Durante un rato, cabalgaron en silencio. Ciri vio unos cisnes que se deslizaban con mucha prestancia por el río.
– El padre del niño -dijo tranquilamente Avallac'h, yendo al grano- será Auberon Muircetach. Auberon Muircetach es nuestro… ¿Cómo lo llamáis? ¿El caudillo supremo?
– ¿El rey? ¿El rey de todos los Aen Seidhe?
– Los Aen Seidhe, el Pueblo de la Colina, son los elfos de tu mundo. Nosotros somos los Aen Elle, el Pueblo de los Alisos. Pero Auberon Muircetach, en efecto, es nuestro rey.
– ¿El rey de los Alisos?
– Se le puede llamar así.
Cabalgaron en silencio. Hacía mucho calor.
– Avallac'h.
– Dime.
– Si me decido, entonces… más tarde… ¿seré libre?
– Serás libre y podrás marcharte adonde quieras. Siempre que no prefieras quedarte. Con el niño.
Ciri resopló con desdén, pero no dijo nada.
– Entonces, ¿ya has tomado una decisión? -preguntó Avallac'h.
– La tomaré cuando hayamos llegado.
– Ya hemos llegado.
Por detrás de las ramas de los sauces llorones, que caían hasta el agua formando una cortina verde, Ciri divisó los palacios. Nunca en la vida había visto nada semejante. Aunque estaban construidos en mármol y alabastro, los palacios eran ligeros como cenadores, parecían tan delicados, vaporosos y ondulantes como si no fueran edificios, sino espectros de edificios. Ciri temía que en cualquier momento pudiera levantarse el viento y los palacios se desvanecieran junto con la bruma que surgía del río. Pero cuando sopló el viento, cuando se despejó la bruma, cuando las ramas de los sauces se agitaron y se rizó la superficie del río, los palacios no desaparecieron ni tenían intención de desaparecer. Aunque sí ganaron en encanto. Ciri contemplaba extasiada las terrazas, las torretas que sobresalían del agua como si fueran flores de nenúfares, los puentes que colgaban sobre el río como festones de hiedra, las escaleras, los escalones, las balaustradas, los arcos y pórticos, los peristilos, los pilares y columnas, las cúpulas y los cupulines, los esbeltos pináculos y torres que parecían espárragos.
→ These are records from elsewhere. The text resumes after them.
lemma Delta_id_lcomb:
  fixes G :: "('g,'b) monoid_scheme"
  assumes "finite (carrier G)" "finite I" "f ` I \<subseteq> carrier G \<times> carrier G"
  shows "Delta_id G K M (lcomb I c f) = lcomb (I\<times>K) (\<lambda>(i,h). c i)
     (\<lambda>(i,h). (fst (coprod_term G K M (fst (f i)) h), snd (coprod_term G K M (fst (f i)) h), snd (f i)))"
proof
  fix p :: "'g \<times> 'g \<times> 'g"
  obtain z w y where p: "p = (z,w,y)" by (cases p) fastforce
  have "(\<lambda>i. fst (f i)) ` I \<subseteq> carrier G" using assms(3) by force
  then have "Delta_id G K M (lcomb I c f) p =
      (\<Sum>i\<in>I. (if snd (f i) = y then c i else 0) * dc G K M (fst (f i)) z w)"
    unfolding Delta_id_def p lcomb_at_pair_fst using assms by (simp add: sum_lcomb_mult)
  also have "\<dots> = lcomb (I\<times>K) (\<lambda>(i,h). c i)
     (\<lambda>(i,h). (fst (coprod_term G K M (fst (f i)) h), snd (coprod_term G K M (fst (f i)) h), snd (f i))) p"
    unfolding lcomb_Times dc_eq_coprod_term p
    by (auto simp: sum_distrib_left prod_eq_iff intro!: sum.cong)
  finally show "Delta_id G K M (lcomb I c f) p = \<dots>" .
qed

lemma id_Delta_lcomb:
  fixes G :: "('g,'b) monoid_scheme"
  assumes "finite (carrier G)" "finite I" "f ` I \<subseteq> carrier G \<times> carrier G"
  shows "id_Delta G K M (lcomb I c f) = lcomb (I\<times>K) (\<lambda>(i,h). c i)
     (\<lambda>(i,h). (fst (f i), fst (coprod_term G K M (snd (f i)) h), snd (coprod_term G K M (snd (f i)) h)))"
proof
  fix p :: "'g \<times> 'g \<times> 'g"
  obtain z w y where p: "p = (y,z,w)" by (cases p) fastforce
  have "(\<lambda>i. snd (f i)) ` I \<subseteq> carrier G" using assms(3) by force
  then have "id_Delta G K M (lcomb I c f) p =
      (\<Sum>i\<in>I. (if fst (f i) = y then c i else 0) * dc G K M (snd (f i)) z w)"
    unfolding id_Delta_def p lcomb_at_pair_snd using assms by (simp add: sum_lcomb_mult)
  also have "\<dots> = lcomb (I\<times>K) (\<lambda>(i,h). c i)
     (\<lambda>(i,h). (fst (f i), fst (coprod_term G K M (snd (f i)) h), snd (coprod_term G K M (snd (f i)) h))) p"
    unfolding lcomb_Times dc_eq_coprod_term p
    by (auto simp: sum_distrib_left prod_eq_iff intro!: sum.cong)
  finally show "id_Delta G K M (lcomb I c f) p = \<dots>" .
qed
lemma funpow_\<phi>_proj_U: "((\<phi> \<circ> proj_U) ^^ Suc k) v = (\<phi> ^^ Suc k) (proj_U v)"
proof (induction k)
  case (Suc k)
  have "((\<phi> \<circ> proj_U) ^^ Suc (Suc k)) v = \<phi> (proj_U (((\<phi> \<circ> proj_U) ^^ Suc k) v))"
    by (simp only: funpow.simps(2) comp_apply)
  also have "\<dots> = \<phi> (proj_U ((\<phi> ^^ Suc k) (proj_U v)))"
    by (simp only: Suc.IH)
  also have "\<dots> = \<phi> ((\<phi> ^^ Suc k) (proj_U v))"
    using funpow_in_U[OF proj_U_in_U] by (simp only: proj_U_on_U)
  also have "\<dots> = (\<phi> ^^ Suc (Suc k)) (proj_U v)"
    by (simp only: funpow.simps(2) comp_apply)
  finally show ?case .
qed simp

lemma \<phi>_proj_U_nilpotent: "((\<phi> \<circ> proj_U) ^^ Suc N) v = 0"
  unfolding funpow_\<phi>_proj_U using funpow_N_proj_U[of v] by (simp add: endo_zero[OF endo_\<phi>])

lemma funpow_index_on_U: "u \<in> U \<Longrightarrow> (\<phi> ^^ index \<phi>) u = 0"
  by (rule funpow_index_eq_0[of _ N]) (simp_all add: U_iff)

lemma funpow_index_in_W: "(\<phi> ^^ index \<phi>) v \<in> W"
proof -
  have "(\<phi> ^^ index \<phi>) v = (\<phi> ^^ index \<phi>) (proj_U v) + (\<phi> ^^ index \<phi>) (proj_W v)"
    using endo_add[OF endo_funpow[OF endo_\<phi>]] proj_U_plus_proj_W[of v] by metis
  also have "\<dots> = ev ([:0, 1:] ^ index \<phi>) (proj_W v)"
    by (simp add: funpow_index_on_U proj_U_in_U ev_X_power)
  finally show ?thesis
    using W_invariant proj_W_in_W by simp
qed

context
  fixes \<psi> :: "'v \<Rightarrow> 'v"
  assumes G_drazin_\<psi>: "G_drazin scale \<phi> \<psi>"
begin

lemma endo_\<psi>: "endo scale \<psi>"
  using G_drazin_\<psi> by (simp add: G_drazin_def)

lemma \<phi>_\<psi>_\<phi>: "\<phi> (\<psi> (\<phi> v)) = \<phi> v"
  using G_drazin_\<psi> by (simp add: G_drazin_def fun_eq_iff)

lemma \<psi>_funpow_index_commute: "\<psi> ((\<phi> ^^ index \<phi>) v) = (\<phi> ^^ index \<phi>) (\<psi> v)"
  using G_drazin_\<psi> by (simp add: G_drazin_def fun_eq_iff)

lemma \<psi>_in_U: "u \<in> U \<Longrightarrow> \<psi> u \<in> U"
  using \<psi>_funpow_index_commute[of u] funpow_index_on_U[of u] endo_zero[OF endo_\<psi>]
  by (auto simp: U_part_def)

lemma \<psi>_in_W: "w \<in> W \<Longrightarrow> \<psi> w \<in> W"
proof -
  assume "w \<in> W"
  then have "w = (\<phi> ^^ index \<phi>) (ev (c ^ index \<phi>) w)"
    using ev_c_power_inverts_funpow[of w "index \<phi>"] by (simp add: W_iff ev_funpow_commute)
  then have "\<psi> w = (\<phi> ^^ index \<phi>) (\<psi> (ev (c ^ index \<phi>) w))"
    by (metis \<psi>_funpow_index_commute)
  then show ?thesis
    using funpow_index_in_W by simp
qed

lemma \<psi>_on_W: "w \<in> W \<Longrightarrow> \<psi> w = ev c w"
proof -
  have left_inverse: "\<psi> (\<phi> x) = x" if "x \<in> W" for x
  proof -
    have "\<psi> (\<phi> x) - x \<in> W"
      using that \<psi>_in_W[OF \<phi>_in_W[OF that]]
      by (simp add: W_iff endo_diff[OF endo_ev])
    moreover have "\<phi> (\<psi> (\<phi> x) - x) = 0"
      by (simp add: endo_diff[OF endo_\<phi>] \<phi>_\<psi>_\<phi>)
    ultimately show ?thesis
      using \<phi>_inj_on_W by fastforce
  qed
  assume "w \<in> W"
  then have "\<psi> w = \<psi> (\<phi> (ev c w))"
    by (simp add: \<phi>_ev_c_on_W)
  also have "\<dots> = ev c w"
    using \<open>w \<in> W\<close> by (simp add: left_inverse W_invariant)
  finally show ?thesis .
qed

lemma \<psi>_eq_drazin_inv_plus: "\<psi> = (\<lambda>v. drazin_inv scale \<phi> v + (\<psi> \<circ> proj_U) v)"
proof
  fix v
  have "\<psi> v = \<psi> (proj_U v) + \<psi> (proj_W v)"
    using endo_add[OF endo_\<psi>] proj_U_plus_proj_W[of v] by metis
  then show "\<psi> v = drazin_inv scale \<phi> v + (\<psi> \<circ> proj_U) v"
    by (simp add: drazin_inv_eq \<psi>_on_W proj_W_in_W)
qed

lemma \<psi>_proj_U_characterization:
  "endo scale (\<psi> \<circ> proj_U) \<and> (\<forall>w\<in>W. (\<psi> \<circ> proj_U) w = 0) \<and> (\<forall>u\<in>U. (\<psi> \<circ> proj_U) u = \<psi> u)"
  by (simp add: endo_comp endo_\<psi> endo_proj_U proj_U_on_W proj_U_on_U endo_zero[OF endo_\<psi>])

lemma G_drazin_nil_part: "G_drazin scale (nil_part scale \<phi>) (\<psi> \<circ> proj_U)"
  unfolding nil_part_eq
proof (rule G_drazin_if_nilpotent)
  show "endo scale (\<phi> \<circ> proj_U)" and "endo scale (\<psi> \<circ> proj_U)"
    by (simp_all add: endo_comp endo_\<phi> endo_\<psi> endo_proj_U)
  show "(\<phi> \<circ> proj_U) \<circ> (\<psi> \<circ> proj_U) \<circ> (\<phi> \<circ> proj_U) = \<phi> \<circ> proj_U"
  proof
    fix v
    have "\<phi> (proj_U v) \<in> U"
      using funpow_in_U[OF proj_U_in_U[of v], of 1] by simp
    then show "((\<phi> \<circ> proj_U) \<circ> (\<psi> \<circ> proj_U) \<circ> (\<phi> \<circ> proj_U)) v = (\<phi> \<circ> proj_U) v"
      by (simp add: proj_U_on_U \<psi>_in_U \<phi>_\<psi>_\<phi>)
  qed
  show "((\<phi> \<circ> proj_U) ^^ Suc N) v = 0" for v
    by (rule \<phi>_proj_U_nilpotent)
qed

end

end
– Tir ná Lia -dijo en voz baja Avallac'h.
Cuanto más cerca estaban, con más fuerza se encogía el corazón ante la belleza de aquel lugar, que dejaba sin habla y hacía que las lágrimas afloraran a los ojos. Ciri observaba las fuentes, los mosaicos y terracotas, las estatuas y monumentos. Miraba las construcciones caladas, cuya finalidad no comprendía. Y también aquellas otras que, con seguridad, no servían para nada. Al margen de la estética y la armonía.
– Tir ná Lia -repitió Avallac'h-. ¿Habías visto alguna vez algo semejante?
– Desde luego. -Sintió un nudo en la garganta-. Una vez vi los restos de algo semejante. En Shaerrawedd.
Esta vez le tocó al elfo estar un buen rato callado.
Cruzaron a la otra orilla del río por un puente de arcos calado; daba tal sensación de fragilidad que Kelpa estuvo mucho tiempo resistiéndose y bufando hasta que se animó a pasar por allí.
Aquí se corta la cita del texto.